Though typescript is pretty fast, and the language is flexible, we all know how demanding graph databases are. How hard they are to shard, etc. It seems like this could be a performance trap. Are there successful rbdms or nosql databases out there written in typescript?

Also why is everything about LLMs now? Can't we discuss technologies for their face value anymore. It's getting kind of old to me personally.

reply
phpnode 19 minutes ago
I needed it to be possible to run the graph in the browser and cloudflare workers, so TS was a natural fit here. It was built as an experiment into end to end type safety - nothing to do with LLMs, but it ended up being useful in the product I'm building. It's not designed for large data sets.
reply
2ndorderthought 15 minutes ago
Makes sense thanks for explaining the use case. The LLM question was only because of the comments at the time of the post.

The query syntax looks nice by the way.

reply
phpnode 13 minutes ago
thanks, it was as close to Gremlin[0] as I could get without losing type safety (Gremlin is untyped)

[0] https://tinkerpop.apache.org/

reply
lo1tuma 16 minutes ago
15 years ago I was a big fan of this chaining methods pattern.

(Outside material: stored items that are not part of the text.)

lemma invertible_matE:
  fixes A :: "'a::semiring_1 mat"
  assumes "invertible_mat A" and A: "A \<in> carrier_mat n n"
  obtains B where "B \<in> carrier_mat n n" "A * B = 1\<^sub>m n" "B * A = 1\<^sub>m n"
proof -
  obtain B where AB: "A * B = 1\<^sub>m n" and BA: "B * A = 1\<^sub>m (dim_row B)"
    using assms unfolding invertible_mat_def inverts_mat_def by auto
  then have "B \<in> carrier_mat n n"
    using A by (metis carrier_matD carrier_matI index_mult_mat(2,3) index_one_mat(2,3))
  then show thesis using AB BA that by simp
qed

lemma invertible_mat_iff_det:
  fixes A :: "'a::field mat"
  assumes A: "A \<in> carrier_mat n n"
  shows "invertible_mat A \<longleftrightarrow> det A \<noteq> 0"
proof
  assume "invertible_mat A"
  then obtain B where B: "B \<in> carrier_mat n n" and "A * B = 1\<^sub>m n"
    using A by (elim invertible_matE)
  then have "det A * det B = 1" using det_mult[OF A B] by simp
  then show "det A \<noteq> 0" by auto
next
  assume "det A \<noteq> 0"
  then obtain B where "B \<in> carrier_mat n n" "A * B = 1\<^sub>m n" "B * A = 1\<^sub>m n"
    using det_non_zero_imp_unit[OF A, of undefined] unfolding Units_def ring_mat_simps by auto
  then show "invertible_mat A"
    using A unfolding invertible_mat_def inverts_mat_def by auto
qed

lemma invertible_mat_if_right_inverse:
  fixes A :: "'a::field mat"
  assumes A: "A \<in> carrier_mat n n" and X: "X \<in> carrier_mat n n" and AX: "A * X = 1\<^sub>m n"
  shows "invertible_mat A"
proof -
  have "det A * det X = 1" using det_mult[OF A X] AX by simp
  then show ?thesis using invertible_mat_iff_det[OF A] by auto
qed

lemma inverse_mat_commute:
  fixes A :: "'a::semiring_1 mat"
  assumes A: "A \<in> carrier_mat n n" and B: "B \<in> carrier_mat n n" and G: "G \<in> carrier_mat n n"
    and AB: "A * B = 1\<^sub>m n" and BA: "B * A = 1\<^sub>m n" and AG: "A * G = G * A"
  shows "B * G = G * B"
proof -
  have "B * G = B * G * (A * B)" using AB B G by simp
  also have "\<dots> = B * (G * A) * B" using A B G by (simp add: assoc_mult_mat[of _ n n _ n _ n])
  also have "\<dots> = (B * A) * G * B" using A B G by (simp flip: AG add: assoc_mult_mat[of _ n n _ n _ n])
  also have "\<dots> = G * B" using BA B G by simp
  finally show ?thesis .
qed

lemma det_four_block_mat_Schur:
  fixes A :: "'a::field mat"
  assumes A: "A \<in> carrier_mat k k" and B: "B \<in> carrier_mat k m"
    and C: "C \<in> carrier_mat m k" and D: "D \<in> carrier_mat m m"
    and A': "A' \<in> carrier_mat k k" and A'A: "A' * A = 1\<^sub>m k"
  shows "det (four_block_mat A B C D) = det A * det (D - C * A' * B)"
proof -
  let ?L = "four_block_mat (1\<^sub>m k) (0\<^sub>m k m) (- (C * A')) (1\<^sub>m m)"
  have CA': "C * A' \<in> carrier_mat m k" using C A' by simp
  have L: "1\<^sub>m k \<in> carrier_mat k k" "0\<^sub>m k m \<in> carrier_mat k m" "- (C * A') \<in> carrier_mat m k"
    "1\<^sub>m m \<in> carrier_mat m m" using CA' by simp_all
  have "?L * four_block_mat A B C D = four_block_mat A B (0\<^sub>m m k) (D - C * A' * B)"
  proof -
    have "- (C * A') * A + C = 0\<^sub>m m k"
      using A C A' A'A by (simp add: assoc_mult_mat[of C m k A' k A k])
    moreover have "- (C * A') * B + D = D - C * A' * B"
    proof -
      have "- (C * A' * B) \<in> carrier_mat m m" "dim_col (C * A') = dim_row B"
        using CA' A' B by simp_all
      then show ?thesis
        using D uminus_mult_left_mat[of "C * A'" B] minus_add_uminus_mat[of D m m "C * A' * B"]
          comm_add_mat[of "- (C * A' * B)" m m D] by simp
    qed
    ultimately show ?thesis
      using A B C D by (simp add: mult_four_block_mat[OF L A B C D])
  qed
  moreover have "det ?L = 1"
    by (simp add: det_four_block_mat_upper_right_zero[OF L(1) refl L(3,4)])
  moreover have "D - C * A' * B \<in> carrier_mat m m" by (rule minus_carrier_mat[OF mult_carrier_mat[OF CA' B]])
  ultimately show ?thesis
    using A B C D L det_mult[of ?L "k + m" "four_block_mat A B C D"]
      det_four_block_mat_lower_left_zero[OF A B refl, of "D - C * A' * B"]
    by simp
qed

lemma invertible_diagonal_blocks_of_inverse:
  fixes A :: "'a::field mat"
  assumes A: "A \<in> carrier_mat k k" and B: "B \<in> carrier_mat k m"
    and C: "C \<in> carrier_mat m k" and D: "D \<in> carrier_mat m m"
    and P: "P \<in> carrier_mat k k" and Q: "Q \<in> carrier_mat k m"
    and R: "R \<in> carrier_mat m k" and S: "S \<in> carrier_mat m m"
    and inverse: "four_block_mat A B C D * four_block_mat P Q R S = 1\<^sub>m (k + m)"
    and RB: "R * B = 0\<^sub>m m m" and CQ: "C * Q = 0\<^sub>m m m"
  shows "invertible_mat A \<and> invertible_mat D"
proof
  have "four_block_mat (A * P + B * R) (A * Q + B * S) (C * P + D * R) (C * Q + D * S)
      = four_block_mat (1\<^sub>m k) (0\<^sub>m k m) (0\<^sub>m m k) (1\<^sub>m m)"
    using inverse by (simp add: mult_four_block_mat[OF A B C D P Q R S])
  then have AP: "A * P + B * R = 1\<^sub>m k" and DS: "C * Q + D * S = 1\<^sub>m m"
    using four_block_mat_inject[of "A * P + B * R" k k "1\<^sub>m k" "A * Q + B * S" m "0\<^sub>m k m"
        "C * P + D * R" m "0\<^sub>m m k" "C * Q + D * S" "1\<^sub>m m"] A B C D P Q R S
    by auto
  show "invertible_mat D"
    using DS D S by (intro invertible_mat_if_right_inverse[OF D S]) (simp add: CQ)
  \<comment> \<open>\<open>A P = 1 - Z\<close> with \<open>Z = B R\<close> square-zero, so \<open>P (1 + Z)\<close> is a right inverse of \<open>A\<close>.\<close>
  define Z where "Z = B * R"
  have Z: "Z \<in> carrier_mat k k" and AP': "A * P \<in> carrier_mat k k"
    using A B P R by (simp_all add: Z_def)
  have "Z * Z = B * ((R * B) * R)"
    using B R mult_carrier_mat[OF B R]
    by (simp add: Z_def assoc_mult_mat[of B k m R k _ k] assoc_mult_mat[of R m k B m R k])
  then have ZZ: "Z * Z = 0\<^sub>m k k" using B R by (simp add: RB)
  have APZ: "A * P * Z = Z"
  proof -
    have "Z = (A * P + Z) * Z" using AP left_mult_one_mat[OF Z] by (simp add: Z_def)
    also have "\<dots> = A * P * Z" using AP' Z by (simp add: add_mult_distrib_mat[OF AP' Z Z] ZZ)
    finally show ?thesis by simp
  qed
  have "A * (P + P * Z) = A * P + A * P * Z"
    using A P Z mult_carrier_mat[OF P Z]
    by (simp add: mult_add_distrib_mat[OF A P] assoc_mult_mat[of A k k P k Z k])
  also have "\<dots> = 1\<^sub>m k" unfolding APZ using AP by (simp add: Z_def)
  finally have "A * (P + P * Z) = 1\<^sub>m k" .
  then show "invertible_mat A"
    using P Z by (intro invertible_mat_if_right_inverse[OF A, of "P + P * Z"]) simp_all
qed

lemma invertible_diagonal_blocks_if_commuting:
  fixes g A B C D :: "'a::field mat"
  assumes orth: "fixed_spaces_orthogonal g" and g: "g \<in> carrier_mat k k"
    and A: "A \<in> carrier_mat k k" and B: "B \<in> carrier_mat k m"
    and C: "C \<in> carrier_mat m k" and D: "D \<in> carrier_mat m m"
    and comm: "four_block_mat A B C D * four_block_mat g (0\<^sub>m k m) (0\<^sub>m m k) (1\<^sub>m m)
      = four_block_mat g (0\<^sub>m k m) (0\<^sub>m m k) (1\<^sub>m m) * four_block_mat A B C D"
    and invertible: "invertible_mat (four_block_mat A B C D)"
  shows "invertible_mat A \<and> invertible_mat D"
proof -
  let ?M = "four_block_mat A B C D" and ?G = "four_block_mat g (0\<^sub>m k m) (0\<^sub>m m k) (1\<^sub>m m)"
  have M: "?M \<in> carrier_mat (k + m) (k + m)" and G: "?G \<in> carrier_mat (k + m) (k + m)"
    using A D g by simp_all
  obtain N where N: "N \<in> carrier_mat (k + m) (k + m)"
    and MN: "?M * N = 1\<^sub>m (k + m)" and NM: "N * ?M = 1\<^sub>m (k + m)"
    using invertible M by (elim invertible_matE)
  obtain P Q R S where split: "split_block N k k = (P, Q, R, S)" by (metis prod_cases4)
  then have P: "P \<in> carrier_mat k k" and Q: "Q \<in> carrier_mat k m"
    and R: "R \<in> carrier_mat m k" and S: "S \<in> carrier_mat m m"
    and N_blocks: "N = four_block_mat P Q R S"
    using split_block[OF split, of m m] N by auto
  have "N * ?G = ?G * N" using inverse_mat_commute[OF M N G MN NM comm] .
  then have "g * Q = Q" "R * g = R"
    using commute_four_block_diag_one[OF g P Q R S] by (simp_all add: N_blocks)
  then have "R * B = 0\<^sub>m m m" and "C * Q = 0\<^sub>m m m"
    using fixed_spaces_orthogonal_mult_eq_0[OF orth g] commute_four_block_diag_one[OF g A B C D comm]
      B C Q R by simp_all
  then show ?thesis
    using invertible_diagonal_blocks_of_inverse[OF A B C D P Q R S] MN by (simp add: N_blocks)
qed

lemma invertible_four_block_mat_if_commuting:
  fixes g A B C D :: "'a::field mat"
  assumes orth: "fixed_spaces_orthogonal g" and g: "g \<in> carrier_mat k k"
    and A: "A \<in> carrier_mat k k" and B: "B \<in> carrier_mat k m"
    and C: "C \<in> carrier_mat m k" and D: "D \<in> carrier_mat m m"
    and comm: "four_block_mat A B C D * four_block_mat g (0\<^sub>m k m) (0\<^sub>m m k) (1\<^sub>m m)
      = four_block_mat g (0\<^sub>m k m) (0\<^sub>m m k) (1\<^sub>m m) * four_block_mat A B C D"
    and inv_A: "invertible_mat A" and inv_D: "invertible_mat D"
  shows "invertible_mat (four_block_mat A B C D)"
proof -
  note block_comm = commute_four_block_diag_one[OF g A B C D comm]
  obtain A' where A': "A' \<in> carrier_mat k k" and AA': "A * A' = 1\<^sub>m k" and A'A: "A' * A = 1\<^sub>m k"
    using inv_A A by (elim invertible_matE)
  have "A' * g = g * A'" using inverse_mat_commute[OF A A' g AA' A'A block_comm(1)] .
  then have "g * (A' * B) = A' * B"
    using A' g B block_comm(2) by (metis assoc_mult_mat)
  then have "C * (A' * B) = 0\<^sub>m m m"
    using fixed_spaces_orthogonal_mult_eq_0[OF orth g _ C] block_comm(3) A' B by simp
  moreover have "D - 0\<^sub>m m m = D" using D by (intro eq_matI) auto
  ultimately have "det (four_block_mat A B C D) = det A * det D"
    using det_four_block_mat_Schur[OF A B C D A' A'A] A' B C D by simp
  then show ?thesis
    using inv_A inv_D A D by (simp add: invertible_mat_iff_det[of _ "k + m"] invertible_mat_iff_det)
qed

theorem corollary2p7:
  fixes k n :: nat
    and gbar A B C D :: "'a::{finite, field} mat"
    and lam :: "'a poly \<Rightarrow> nat list"
  assumes "k \<le> n"
    and "gbar \<in> carrier_mat k k" and "invertible_mat gbar"
    and "has_type k gbar lam"
    and "\<forall>p\<in>set (lam [:-1, 1:]). p > 1"
    and "A \<in> carrier_mat k k" and "B \<in> carrier_mat k (n - k)"
    and "C \<in> carrier_mat (n - k) k" and "D \<in> carrier_mat (n - k) (n - k)"
    and "four_block_mat A B C D * four_block_mat gbar (0\<^sub>m k (n - k)) (0\<^sub>m (n - k) k) (1\<^sub>m (n - k))
       = four_block_mat gbar (0\<^sub>m k (n - k)) (0\<^sub>m (n - k) k) (1\<^sub>m (n - k)) * four_block_mat A B C D"
  shows "invertible_mat (four_block_mat A B C D) \<longleftrightarrow> invertible_mat A \<and> invertible_mat D"
proof -
  have orth: "fixed_spaces_orthogonal gbar"
    using has_type_fixed_spaces_orthogonal[OF assms(4,5)] .
  show ?thesis
    using invertible_diagonal_blocks_if_commuting[OF orth assms(2,6-10)]
      invertible_four_block_mat_if_commuting[OF orth assms(2,6-10)] by blast
qed

end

These days I don’t like it anymore. Especially when it comes to unit-testing and implementing fake objects it becomes quite cumbersome to setup the exact same interface.
reply
cyanydeez 57 minutes ago
Eventually someone will figure out how to use a graph database to allow an agent to efficiency build & cull context to achieve near determinant activities. Seems like one needs a sufficiently powerful schema and a harness that properly builds the graph of agent knowledge, like how ants naturally figure how where sugar is, when that stockpile depletes and shifts to other sources.

This looks neat, but if you want it to be used for AI purposes, you might want to show a schema more complicated than a twitter network.

reply
embedding-shape 38 minutes ago
I'd wager the problem is on the side of "LLMs can't value/rank information good enough" rather than "The graph database wasn't flexible/good enough", but I'd be happy to be shown counter-examples.

I'm sure once that problem been solved, you can use the built-in map/object of whatever language, and it'll be good enough. Add save/load to disk via JSON and you have long-term persistence too. But since LLMs still aren't clever enough, I don't think the underlying implementation matters too much.

reply
lmeyerov 15 minutes ago
It's interesting to think of where the value comes from. Afaict 2 interesting areas:

A: One of the main lessons of the RAG era of LLMs was reranked multiretrieval is a great balance of test time, test compute, and quality at the expense of maintaining a few costly index types. Graph ended up a nice little lift when put next to text, vector, and relational indexing by solving some n-hop use cases. I'm unsure if the juice is worth the squeeze, but it does make some sense as infra. Making and using these flows isn't that conceptually complicated and most pieces have good, simple OSS around them.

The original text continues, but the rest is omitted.